Every kid has the right to celebrate his or her birthday.

I am sorry, but I just cannot take cupcakes away from kids on their birthdays - it just does not sit well with me.

And every mother has the RIGHT to decide how to celebrate that birthday! Being a mom of children with food allergies, it is increasingly hard to keep them safe when a mother stops at a supermarket and picks up pre-made cupcakes made with nuts.

I by no means deprive my children of a birthday celebration. They wake up in the morning to the table set in their theme, with the birthday present there and we make a special breakfast. They love it.

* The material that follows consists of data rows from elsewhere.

lemma independent_unit_if_not_commute:
  assumes "mul a b \<noteq> mul b a"
  shows "independent {e, a, b}" "card {e, a, b} = 3"
proof -
  have "e \<noteq> 0" using assms trivial_if_unit_eq_zero by metis
  have "a \<notin> span {e}"
  proof
    assume "a \<in> span {e}"
    then have "a \<in> span {e, b}" using span_mono[of "{e}" "{e, b}"] by blast
    then show False
      using assms mul_commute_on_span_unit span_base[of b "{e, b}"] by blast
  qed
  have "b \<notin> span {e, a}"
    using assms mul_commute_on_span_unit span_base[of a "{e, a}"] by blast
  then have "a \<noteq> e" "b \<noteq> a" "b \<noteq> e"
    using \<open>a \<notin> span {e}\<close> span_base by blast+
  have "independent {a, e}"
    using \<open>e \<noteq> 0\<close> \<open>a \<notin> span {e}\<close> \<open>a \<noteq> e\<close> by (simp add: independent_insert)
  moreover have "b \<notin> span {a, e}" using \<open>b \<notin> span {e, a}\<close> by (simp add: insert_commute)
  ultimately have "independent (insert b {a, e})" by (simp add: independent_insertI)
  then show "independent {e, a, b}" by (simp add: insert_commute)
  show "card {e, a, b} = 3"
    using \<open>a \<noteq> e\<close> \<open>b \<noteq> a\<close> \<open>b \<noteq> e\<close> by auto
qed

lemma mul_commute_if_vn_finite_reversible:
  assumes vn: "vn_finite_on mul e UNIV" and rv: "reversible_on mul UNIV"
    and "mul a b \<in> span {e, a, b}"
  shows "mul a b = mul b a"
proof -
  obtain p q r where ab: "mul a b = scale p e + scale q a + scale r b"
    using \<open>mul a b \<in> span {e, a, b}\<close>
    by (auto simp: span_insert span_singleton) (metis diff_add_cancel add.commute add.assoc)
  define x where "x = a - scale r e"
  define y where "y = b - scale q e"
  define d where "d = p + q * r"
  have xy: "mul x y = scale d e"
    unfolding x_def y_def d_def
    by (simp add: mul_bilinear_simps mul_unit_left mul_unit_right ab algebra_simps scale_scale)
  have yx: "mul y x = mul b a - scale r b - scale q a + scale (q * r) e"
    unfolding x_def y_def
    by (simp add: mul_bilinear_simps mul_unit_left mul_unit_right algebra_simps scale_scale)
  have "mul y x = mul x y"
  proof (cases "d = 0")
    case True
    then show ?thesis using rv xy unfolding reversible_on_def by simp
  next
    case False
    then have "mul x (scale (inverse d) y) = e" using xy by (simp add: mul_scale_right)
    then have "mul (scale (inverse d) y) x = e" using vn unfolding vn_finite_on_def by blast
    then have "scale d (scale (inverse d) (mul y x)) = scale d e" by (simp add: mul_scale_left)
    then show ?thesis using False xy by (simp add: scale_scale)
  qed
  then show ?thesis using yx xy ab unfolding d_def by (simp add: algebra_simps scale_scale)
qed

end

locale quadratic_unital_algebra = unital_algebra +
  assumes quadratic: "\<exists>\<alpha> \<beta> \<gamma>. (\<alpha> \<noteq> 0 \<or> \<beta> \<noteq> 0 \<or> \<gamma> \<noteq> 0) \<and>
      scale \<alpha> e + scale \<beta> a + scale \<gamma> (mul a a) = 0"
begin

lemma mul_self_in_span_unit: "mul a a \<in> span {e, a}"
proof -
  obtain \<alpha> \<beta> \<gamma> where nontrivial: "\<alpha> \<noteq> 0 \<or> \<beta> \<noteq> 0 \<or> \<gamma> \<noteq> 0"
    and rel: "scale \<alpha> e + scale \<beta> a + scale \<gamma> (mul a a) = 0"
    using quadratic by blast
  have "e \<in> span {e, a}" "a \<in> span {e, a}" by (auto intro: span_base)
  consider "\<gamma> \<noteq> 0" | "\<gamma> = 0" "\<beta> \<noteq> 0" | "\<gamma> = 0" "\<beta> = 0" "\<alpha> \<noteq> 0"
    using nontrivial by blast
  then show ?thesis
  proof cases
    case 1
    have "scale \<gamma> (mul a a) = - (scale \<alpha> e + scale \<beta> a)"
      using rel by (metis add.commute eq_neg_iff_add_eq_0)
    then have "mul a a = scale (- inverse \<gamma>) (scale \<alpha> e + scale \<beta> a)"
      using 1 by (metis scale_scale left_inverse scale_one scale_minus_left scale_minus_right)
    then show ?thesis using \<open>e \<in> span {e, a}\<close> \<open>a \<in> span {e, a}\<close>
      by (metis span_scale span_add)
  next
    case 2
    then have "scale \<beta> a = - scale \<alpha> e"
      using rel by (simp add: eq_neg_iff_add_eq_0 add.commute)
    then have "a = scale (- (inverse \<beta> * \<alpha>)) e"
      using 2 by (metis scale_scale left_inverse scale_one scale_minus_left scale_minus_right)
    then have "mul a a = scale (- (inverse \<beta> * \<alpha>)) a"
      by (metis mul_scale_right mul_unit_right)
    then show ?thesis using \<open>a \<in> span {e, a}\<close> by (metis span_scale)
  next
    case 3
    then have "e = 0" using rel by simp
    then show ?thesis using trivial_if_unit_eq_zero span_zero by metis
  qed
qed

But IMHO school is for education, not birthday party central.

ellie
 

carres1973

Cathlete
While I agree that kids should have healthier choices at school, I don't think it is right to mandate what can be brought in for birthdays or what other children bring in for lunch. As someone else stated, if she doesn't want her children to eat sweet snacks, then they don't have to participate. There are several children in my DD and DSs school that do not participate in birthday celebrations (Jehovah's Witness) or the pledge of allegiance. IMHO, she should police her own house and stay out of everyone elses.

Carrie
 

Fembot40

Cathlete
This was a few years ago, when my DD was in fourth grade, and the school policy was no junk food for snack. I sent her to school with a homemade oatmeal chocolate chip cookie. Keep in mind I used 1/4 the amount of mini chips called for, used whole cut oats and shredded carrot in place of some of the sugar. Her teacher yanked her cookie off of her desk and threw it in the garbage and told her not to bring in any more junk food. Their policy is also no junk food for birthday celebrations, only fruit or vegetables. I ended up spending roughly $25 for a fresh fruit salad for her to bring in. What happened to the good old days when you could make economical cupcakes that were sure to be eaten, rather than fresh fruit, most of which was never touched? :rolleyes:

It's okay for kids to eat chewy granola bars, fruit chewies, Pop Tarts, and Cheese Its, but not a homemade cookie. Teachers need to teach, not police our kids lunches and snacks.